Разделитель для чтения книг в онлайн библиотеке

Онлайн книга «Шукшин»

Cтраница 68

Могло «попасть» Шукшину от критики и за рассказ «И разыгрались же кони в поле» (кстати, потом, в конце шестидесятых – начале семидесятых и «попало» – все за то же «противопоставление»). Ведь какова «символическая» концовка этого рассказа? Миньке, студенту театрального или киноинститута, после встречи с крестьянином—отцом уже не думается «о славной, нарядной судьбе артиста», уже снится ему с грустью родная деревня и кажется, что подлинная его жизнь там, а не здесь, что он в погоне за «красивой» судьбой обманул сам себя: «Минька перевернулся на живот, уткнулся в подушку. И опять, в который раз, увидел: степь и табун лошадей несется по степи…

С этим и заснул Минька. И слышал, как в соседней комнате играет радиола. И ему снилось, что тот самый служитель с выставки стоит над ним и хохочет – громко и глупо».

Но ведь и «Степка», и «Змеиный яд», вокруг которых было столько «накручено» критикой, увидели свет еще в ноябре 1964 года, то есть почти за полтора года до «ругательных» отзывов по поводу их героев! Значит… значит, не в конкретных произведениях конкретного автора было дело, а в своего рода критических «перегибах» – в неистовой «борьбе» части критики середины – конца шестидесятых годов со многими талантливыми писателями, к которым эта критика приклеила уничижительный ярлык «деревенщики». Это сейчас мы разобрались, что к чему, а тогда многие критики явно старались вылить на прозу Белова, Носова, Лихоносова, Г. Семенова, Шукшина и некоторых других ложку дегтя.
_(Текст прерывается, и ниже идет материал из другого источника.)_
(* Let $A,B\subseteq\mathcal{R}$ be outer measurable with $M_u(B)=0$. Then every subset $C\subseteq B$ is outer measurable with $M_u(C)=0$, and $A\setminus C$ is outer measurable with $M_u(A\setminus C)=M_u(A)$.
   Context: $\mathcal{R}$ denotes the Levi-Civita field: functions $x:\mathbb{Q}\to\mathbb{R}$ with left-finite support, with componentwise addition and formal power series multiplication, ordered by $x>0$ iff $x\ne0$ and $x[\min\operatorname{supp}x]>0$; it is a non-Archimedean ordered field extension of $\mathbb{R}$, Cauchy complete in the order topology, in which all limits and series are taken (a series $\sum a_n$ converges iff $a_n\to0$). An interval is a set $[a,b],[a,b),(a,b]$ or $(a,b)$ with $a<b$ in $\mathcal{R}$, of length $l=b-a$. A cover of $A\subseteq\mathcal{R}$ is a sequence of intervals $(S_n)_{n\ge1}$ with $A\subseteq\bigcup_n S_n$ and $\sum_n l(S_n)$ convergent in $\mathcal{R}$. $A$ is called outer measurable if the infimum $\inf\{\sum_n l(S_n): (S_n)\text{ a cover of }A\}$ exists in $\mathcal{R}$; this infimum is then called the outer measure $M_u(A)$. *)

theory Defs
  imports Complex_Main
begin

section \<open>The Levi-Civita field\<close>

typedef lc = "{x :: rat \<Rightarrow> real. \<forall>r. finite {q. x q \<noteq> 0 \<and> q < r}}"
  by (rule exI[of _ "\<lambda>_. 0"]) auto

instantiation lc :: "{zero, one, plus, minus, uminus, times, ord, abs}"
begin

definition zero_lc :: lc where
  "zero_lc = Abs_lc (\<lambda>_. 0)"

definition one_lc :: lc where
  "one_lc = Abs_lc (\<lambda>q. if q = 0 then 1 else 0)"

definition plus_lc :: "lc \<Rightarrow> lc \<Rightarrow> lc" where
  "plus_lc x y = Abs_lc (\<lambda>q. Rep_lc x q + Rep_lc y q)"

definition uminus_lc :: "lc \<Rightarrow> lc" where
  "uminus_lc x = Abs_lc (\<lambda>q. - Rep_lc x q)"

definition minus_lc :: "lc \<Rightarrow> lc \<Rightarrow> lc" where
  "minus_lc x y = Abs_lc (\<lambda>q. Rep_lc x q - Rep_lc y q)"

text \<open>Formal power series (Cauchy) product; the sum is finite by left-finiteness.\<close>
definition times_lc :: "lc \<Rightarrow> lc \<Rightarrow> lc" where
  "times_lc x y = Abs_lc (\<lambda>q. \<Sum>p\<in>{p. Rep_lc x p \<noteq> 0 \<and> Rep_lc y (q - p) \<noteq> 0}.
                                  Rep_lc x p * Rep_lc y (q - p))"

definition lc_pos :: "lc \<Rightarrow> bool" where
  "lc_pos x \<longleftrightarrow> (\<exists>q. Rep_lc x q > 0 \<and> (\<forall>p<q. Rep_lc x p = 0))"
И это сейчас кажется наивным, не выдерживающим элементарного анализа возмущение критики героем «Змеиного яда», а ведь он, Максим Воеводин, просто ужаснул некоторых пишущих в газеты зрителей «Вашего сына и брата»…

Да как он смеет, этот неоперившийся деревенский юноша, столь дерзко и вызывающе вести себя в московских аптеках, как может он кричать в лицо заслуженным фармацевтам, что он их ненавидит! А—а?.. Противопоставление налицо: в деревне люди – хорошие, добрые, в городе – черствые, злые. И почему—то не пришло в голову ни Виктору Орлову, ни другим, увидевшим подобное «противопоставление», что столь же резко и непримиримо мог вести себя на месте Максима и «стопроцентный» москвич. Да и вообще, хорошо ли мы знаем себя: неужто и впрямь сможем сохранить спокойствие и ровную вежливую деловитость, если кто—то из самых близких нам людей угрожающе занеможет?.. (Кстати, есть все основания полагать, что случай, положенный в основу этого произведения, – из биографии автора, то есть критика невольно «нападала» и лично на Шукшина.)

Но, допустим, подобная простая мысль тогда, по первости, на ум не пришла, кадры фильма мелькнули и оставили впечатление «злобы» героя (а значит, и его создателя) к городу. Но ведь никто не мешал взять «Новый мир» и еще раз внимательно прочитать рассказ «Змеиный яд», только что обретший киножизнь и, как в фокусе, собравший вокруг себя споры о фильме в целом.

«Заведующий повертел в руках рецепт:

– Не понимаю…

– Мне такое лекарство надо. – Максим поморщился – сердце выбрыкивало нешуточным образом.

– У нас его нет.

– А мне надо. У меня мать помирает. – Максим смотрел на заведующего не мигая: чувствовал, как глаза наполняются слезами.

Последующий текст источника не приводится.